THE PROBLEM
Look for "where" in every line of the listing. Copy the lines that have it.

○ ○ ○ ○

lemma auge_tapia_not_quasi_rigid:
  assumes "bounded_linear T" "auge_tapia_finite_type T n"
  shows "\<not> quasi_rigid T"
proof
  assume "quasi_rigid T"
  then obtain \<omega> where "\<omega> \<in> CC T" and dense: "closure (LL T \<omega>) = UNIV"
    unfolding quasi_rigid_def by blast
  then have "LL T \<omega> \<subseteq> Rec T" unfolding CC_def by (intro LL_subset_Rec) auto
  obtain V P F where "has_cdim V n" and proj: "bounded_projection_onto P V"
    and "F \<subseteq> V" and dense_compl: "V \<subseteq> closure (V - F)" and "Rec T = P -` F"
    using assms(2) unfolding auge_tapia_finite_type_def by blast
  have P: "bounded_linear P" "range P = V" "\<And>v. v \<in> V \<Longrightarrow> P v = v"
    using proj unfolding bounded_projection_onto_def bounded_clinear_op_def by auto
  define W where "W = P ` LL T \<omega>"
  have "W \<subseteq> F" unfolding W_def using \<open>LL T \<omega> \<subseteq> Rec T\<close> \<open>Rec T = P -` F\<close> by blast
  obtain B where "finite B" "V \<subseteq> span B" using has_cdim_imp_finite_span[OF \<open>has_cdim V n\<close>] .
  moreover have "subspace W"
    unfolding W_def using P(1) assms(1)
    by (intro linear_subspace_image subspace_LL) (simp_all add: bounded_linear.linear)
  moreover have "W \<subseteq> span B" using \<open>W \<subseteq> F\<close> \<open>F \<subseteq> V\<close> \<open>V \<subseteq> span B\<close> by blast
  ultimately have "closure W = W" by (simp add: closed_subspace_finite_span)
  moreover have "V \<subseteq> closure W"
    unfolding W_def using subset_closure_projection_image[OF P(1,3) dense] .
  ultimately have "V - F = {}" using \<open>W \<subseteq> F\<close> by blast
  with dense_compl have "V \<subseteq> closure {}" by (simp only:)
  then show False using P(2) by auto
qed

theorem theorem3p6:
  fixes T :: "'a::complex_banach_space \<Rightarrow> 'a" and n :: nat
  assumes "separable_type TYPE('a)"
    and "infinite_cdim TYPE('a)"
    and "bounded_clinear_op T"
    and "auge_tapia_finite_type T n"
  shows "recurrent T \<and> \<not> quasi_rigid T"
proof
  show "recurrent T" using assms(4) by (rule auge_tapia_recurrent)
  have "bounded_linear T" using assms(3) unfolding bounded_clinear_op_def by simp
  then show "\<not> quasi_rigid T" using assms(4) by (rule auge_tapia_not_quasi_rigid)
qed

end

○ ○ ○ ○

ANSWER AREA
  then obtain \<omega> where "\<omega> \<in> CC T" and dense: "closure (LL T \<omega>) = UNIV"
  obtain V P F where "has_cdim V n" and proj: "bounded_projection_onto P V"
  define W where "W = P ` LL T \<omega>"
  obtain B where "finite B" "V \<subseteq> span B" using has_cdim_imp_finite_span[OF \<open>has_cdim V n\<close>] .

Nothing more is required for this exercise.